Фонарь в его руке качался, освещая деревья.
Я собралась было снова закричать, но сестра сказала сладким голоском:
— Прошу прощения за беспокойство, сэр, но мы, кажется, заблудились в темноте. Если бы вы одолжили нам фонарь, чтобы мы могли найти дорогу домой, мы были бы вам ужасно благодарны. Я вернула бы его утром. Непременно!
Человек поднял фонарь и сделал шаг вперед, вглядываясь в лицо говорившей. Потом оглядел ее платье.
— Мы? — переспросил он.
Мне очень не понравилось, как он на нее смотрел. Я и раньше видела такой взгляду мужчин… но не в темноте и не в отсутствие взрослых.
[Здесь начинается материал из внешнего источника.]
definition recv_saved :: "nat \<Rightarrow> nat \<Rightarrow> 'm \<Rightarrow> nat \<Rightarrow> nat \<Rightarrow> 'm sig set \<Rightarrow> 'm lstate \<Rightarrow> nat set" where
  "recv_saved n q m sn j sigs L =
     saved L (m, sn, j) \<union> {k. k < n \<and> (k, (m, sn, j)) \<in> sigs}
       \<union> (if (sn, j) \<in> signedsn L then {} else {q})"

lemma recv_handler_BUNDLE:
  "recv_handler n t q (BUNDLE m sn j sigs) L =
     (if \<not> recv_accepts n m sn j sigs L then (L, []) else
      (let A = recv_saved n q m sn j sigs L; sign = ((sn, j) \<notin> signedsn L);
           deliver = (n + t < 2 * card A); B = BUNDLE m sn j (sigs_of A (m, sn, j)) in
       (L\<lparr>saved := (saved L)((m, sn, j) := A),
          signedsn := (if sign then insert (sn, j) (signedsn L) else signedsn L),
          delivered := (if deliver then insert (m, sn, j) (delivered L) else delivered L)\<rparr>,
        (if sign then [B] else []) @ (if deliver then [B] else []))))"
  unfolding recv_handler_def recv_accepts_def recv_saved_def Let_def
  by (auto split: if_splits simp: insert_absorb Un_commute)

lemma recv_handler_accepted:
  assumes "recv_accepts n m sn j sigs L"
    and "recv_handler n t q (BUNDLE m sn j sigs) L = (L', ms)"
  defines "A \<equiv> recv_saved n q m sn j sigs L"
  shows "saved L' = (saved L)((m, sn, j) := A)"
    and "bcasts L' = bcasts L"
    and "signedsn L' = insert (sn, j) (signedsn L)"
    and "delivered L' = (if n + t < 2 * card A then insert (m, sn, j) (delivered L) else delivered L)"
    and "set ms \<subseteq> {BUNDLE m sn j (sigs_of A (m, sn, j))}"
  using assms by (auto simp: recv_handler_BUNDLE Let_def split: if_splits)

fun bundle_sigs :: "'m msg \<Rightarrow> 'm sig set" where
  "bundle_sigs (BUNDLE _ _ _ sigs) = sigs"

abbreviation copy_msg :: "'m copy \<Rightarrow> 'm msg" where
  "copy_msg x \<equiv> snd (snd (snd x))"

lemma copy_msg_in_copies: "x \<in> copies C k i ms Ds \<Longrightarrow> copy_msg x \<in> set ms"
  unfolding copies_def by auto

(* The escape clause card \<le> 1 of the last conjunct is needed because mbrb_broadcast saves the
   sender's own signature without testing the delivery threshold. *)
definition mbrb_inv :: "nat \<Rightarrow> nat \<Rightarrow> nat set \<Rightarrow> 'm gstate \<Rightarrow> bool" where
  "mbrb_inv n t C st \<longleftrightarrow>
     (\<forall>q\<in>C. \<forall>T. saved (loc st q) T \<subseteq> {..<n}) \<and>
     (\<forall>q\<in>C. \<forall>p\<in>C. \<forall>T. p \<in> saved (loc st q) T \<longrightarrow> p \<in> saved (loc st p) T) \<and>
     (\<forall>x\<in>net st. \<forall>p\<in>C. \<forall>T. (p, T) \<in> bundle_sigs (copy_msg x) \<longrightarrow> p \<in> saved (loc st p) T) \<and>
     (\<forall>p\<in>C. \<forall>m sn. saved (loc st p) (m, sn, p) \<noteq> {} \<longrightarrow> (m, sn) \<in> bcasts (loc st p)) \<and>
     (\<forall>p\<in>C. \<forall>m sn. (m, sn) \<in> bcasts (loc st p) \<longrightarrow> p \<in> saved (loc st p) (m, sn, p)) \<and>
     (\<forall>p\<in>C. \<forall>m m' sn. (m, sn) \<in> bcasts (loc st p) \<longrightarrow> (m', sn) \<in> bcasts (loc st p) \<longrightarrow> m = m') \<and>
     (\<forall>q\<in>C. \<forall>m sn j. (m, sn, j) \<in> delivered (loc st q) \<longrightarrow> j \<in> saved (loc st q) (m, sn, j)) \<and>
     (\<forall>q\<in>C. \<forall>sn j. (sn, j) \<in> signedsn (loc st q) \<longrightarrow>
        (\<exists>m. q \<in> saved (loc st q) (m, sn, j) \<and> j \<in> saved (loc st q) (m, sn, j))) \<and>
     (\<forall>q\<in>C. \<forall>m sn j. n + t < 2 * card (saved (loc st q) (m, sn, j)) \<longrightarrow>
        (\<exists>m'. (m', sn, j) \<in> delivered (loc st q)) \<or> card (saved (loc st q) (m, sn, j)) \<le> 1)"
— Сестра где-то здесь. — Луэлла сделала шаг назад, стараясь приблизиться ко мне, но я все равно находилась еще слишком далеко.
— Это она орала? — усмехнулся мужчина.
— Если вы дадите нам фонарь, мы легко найдем дорогу. — Голос у Луэллы дрожал, и она сделала еще один шаг назад.
— А ну стой! — Он схватил ее за руку.
Лучше бы это был призрак, чем живой мужчина из плоти и крови! Я хотела позвать на помощь, но нас все равно никто не услышал бы. Может, мне стоит выскочить из темноты и вырвать у него фонарь, а потом схватить сестру за руку и броситься прочь?
Но я ничего из этого не сделала. Я стояла, парализованная ужасом, а сестра приблизилась к мужчине, задев подолом его ногу.
— Вы такой добрый. — Она положила ладонь на его руку.
Он так опешил, что тут же разжал пальцы.
— Как это мило с вашей стороны. Мы никогда не забудем вашего рыцарского поведения! — Она быстро чмокнула его в рябую щеку, выхватила фонарь и, развернувшись, подбежала ко мне, схватила за руку и потянула изо всех сил в сторону холма.
Ошарашенный поцелуем, мужчина остался стоять на крыльце в полной темноте. Думаю, он принял нас за парочку призраков.
Мы не останавливались, пока не добрались до собственного дома, где страх перед родителями вытеснил боязнь темноты и привидений.
Тяжело дыша, я наклонилась и уперлась руками в колени.
— У тебя «синего» приступа не будет? — спросила Луэлла без всякого сочувствия.
Если бы это случилось, родители обвинили бы ее, потому что она была старше, а значит, отвечала за меня. Мне не разрешалось бегать — очень простое правило.
Я покачала головой, не в силах ответить. Дышала я медленно и размеренно, пытаясь успокоиться.
— Ну и хорошо. — Она задула фонарь и, усмехнувшись, спрятала его под кустом абелии.
Сестра явно гордилась своей находчивостью, позволившей заполучить этот фонарь, и не волновалась из-за того, что мы заявимся в столь поздний час. Папа наверняка разозлится. Мама станет браниться. А Луэлла примет виноватый вид, попросит прощения, поцелует маму, обнимет папу — и все станет так, как будто она никогда не делала ничего дурного. Несмотря на непокорность, сестру обожали.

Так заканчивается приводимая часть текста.